Using the material below, copy every line where "unfolding" appears.

/---

lemma integral_binned_correlation:
  "(LINT z|lborel. f (fst z) (snd z) * binB f \<bar>fst z\<bar> \<bar>snd z\<bar>) = \<bar>k\<bar> / pi"
proof -
  let ?G = "\<lambda>z::real \<times> real. exp (- (fst z)\<^sup>2) * exp (- (snd z)\<^sup>2) / pi"
  let ?c = "\<lambda>z::real \<times> real. k * fst z * snd z"
  define m where "m z = ?G z * \<bar>?c z\<bar>" for z
  define r where "r z = (if E (fst z) (snd z) = 0 then 0 else ?G z * ?c z * \<bar>?c z\<bar> / E (fst z) (snd z))" for z
  have "m = (\<lambda>z. \<bar>k\<bar> / pi * ((exp (- (fst z)\<^sup>2) * \<bar>fst z\<bar>) * (exp (- (snd z)\<^sup>2) * \<bar>snd z\<bar>)))"
    by (simp add: m_def abs_mult fun_eq_iff)
  then have m: "has_bochner_integral lborel m (\<bar>k\<bar> / pi)"
    using has_bochner_integral_mult_right[OF has_bochner_integral_exp_neg_sq_abs_product, of "\<bar>k\<bar> / pi"]
    by simp
  have split: "f (fst z) (snd z) * binB f \<bar>fst z\<bar> \<bar>snd z\<bar> = m z + r z" for z
  proof (cases "E (fst z) (snd z) = 0")
    case True
    then have "?c z = 0"
      using abs_correlation_le[of "fst z" "snd z"] by simp
    with True show ?thesis
      by (simp add: binB_density E_abs m_def r_def)
  next
    case False
    then show ?thesis
      by (simp add: binB_density E_abs density m_def r_def abs_mult field_simps)
  qed
  have r_measurable: "r \<in> borel_measurable (lborel \<Otimes>\<^sub>M lborel)"
    unfolding r_def by measurable
  have r_le: "norm (r z) \<le> m z" for z
  proof (cases "E (fst z) (snd z) = 0")
    case False
    moreover have "\<bar>?c z\<bar> \<le> E (fst z) (snd z)"
      by (rule abs_correlation_le)
    ultimately have "\<bar>?c z\<bar> / E (fst z) (snd z) \<le> 1"
      by simp
    then have "?G z * \<bar>?c z\<bar> * (\<bar>?c z\<bar> / E (fst z) (snd z)) \<le> ?G z * \<bar>?c z\<bar> * 1"
      by (intro mult_left_mono) auto
    with False show ?thesis
      by (simp add: r_def m_def abs_mult abs_of_nonneg[OF E_nonneg])
  qed (simp add: r_def m_def)
  have "integrable lborel r"
  proof (rule Bochner_Integration.integrable_bound)
    show "integrable lborel m"
      using m by (rule integrable.intros)
    show "r \<in> borel_measurable lborel"
      using r_measurable by (simp only: lborel_prod)
    show "AE z in lborel. norm (r z) \<le> norm (m z)"
      by (intro AE_I2 order_trans[OF r_le]) simp
  qed
  moreover have "integral\<^sup>L lborel r = 0"
    by (rule integral_lborel_pair_odd_fst[OF calculation]) (simp add: r_def E_even)
  ultimately show ?thesis
    using m by (simp add: split has_bochner_integral_iff)
qed

lemma integral_sign_correlation:
  "(LINT z|lborel. f (fst z) (snd z) * sgn (fst z * snd z)) = k / pi"
proof -
  let ?G = "\<lambda>z::real \<times> real. exp (- (fst z)\<^sup>2) * exp (- (snd z)\<^sup>2) / pi"
  define m where "m z = k / pi * ((exp (- (fst z)\<^sup>2) * \<bar>fst z\<bar>) * (exp (- (snd z)\<^sup>2) * \<bar>snd z\<bar>))" for z
  define r where "r z = ?G z * E (fst z) (snd z) * sgn (fst z * snd z)" for z
  have m: "has_bochner_integral lborel m (k / pi)"
    using has_bochner_integral_mult_right[OF has_bochner_integral_exp_neg_sq_abs_product, of "k / pi"]
    by (simp add: m_def[abs_def])
  have split: "f (fst z) (snd z) * sgn (fst z * snd z) = m z + r z" for z
  proof -
    have "f (fst z) (snd z) * sgn (fst z * snd z)
        = ?G z * k * (fst z * snd z * sgn (fst z * snd z)) + r z"
      by (simp add: density r_def field_simps)
    also have "fst z * snd z * sgn (fst z * snd z) = \<bar>fst z\<bar> * \<bar>snd z\<bar>"
      by (simp add: abs_sgn abs_mult sgn_mult)
    finally show ?thesis
      by (simp add: m_def)
  qed
  have "integrable lborel r"
  proof (rule Bochner_Integration.integrable_bound)
    show "integrable lborel (\<lambda>z. exp (- (fst z)\<^sup>2) * exp (- (snd z)\<^sup>2) * E (fst z) (snd z) / pi)"
      using gaussian_E_integrable by (rule integrable_divide)
    have "r \<in> borel_measurable (lborel \<Otimes>\<^sub>M lborel)"
      unfolding r_def by measurable
    then show "r \<in> borel_measurable lborel"
      by (simp only: lborel_prod)
    show "AE z in lborel. norm (r z) \<le> norm (exp (- (fst z)\<^sup>2) * exp (- (snd z)\<^sup>2) * E (fst z) (snd z) / pi)"
      by (intro AE_I2) (simp add: r_def abs_mult abs_sgn_eq)
  qed
  moreover have "integral\<^sup>L lborel r = 0"
    by (rule integral_lborel_pair_odd_fst[OF calculation]) (simp add: r_def E_even)
  ultimately show ?thesis
    using m by (simp add: split has_bochner_integral_iff)
qed

end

\---

**Result**
    unfolding r_def by measurable
      unfolding r_def by measurable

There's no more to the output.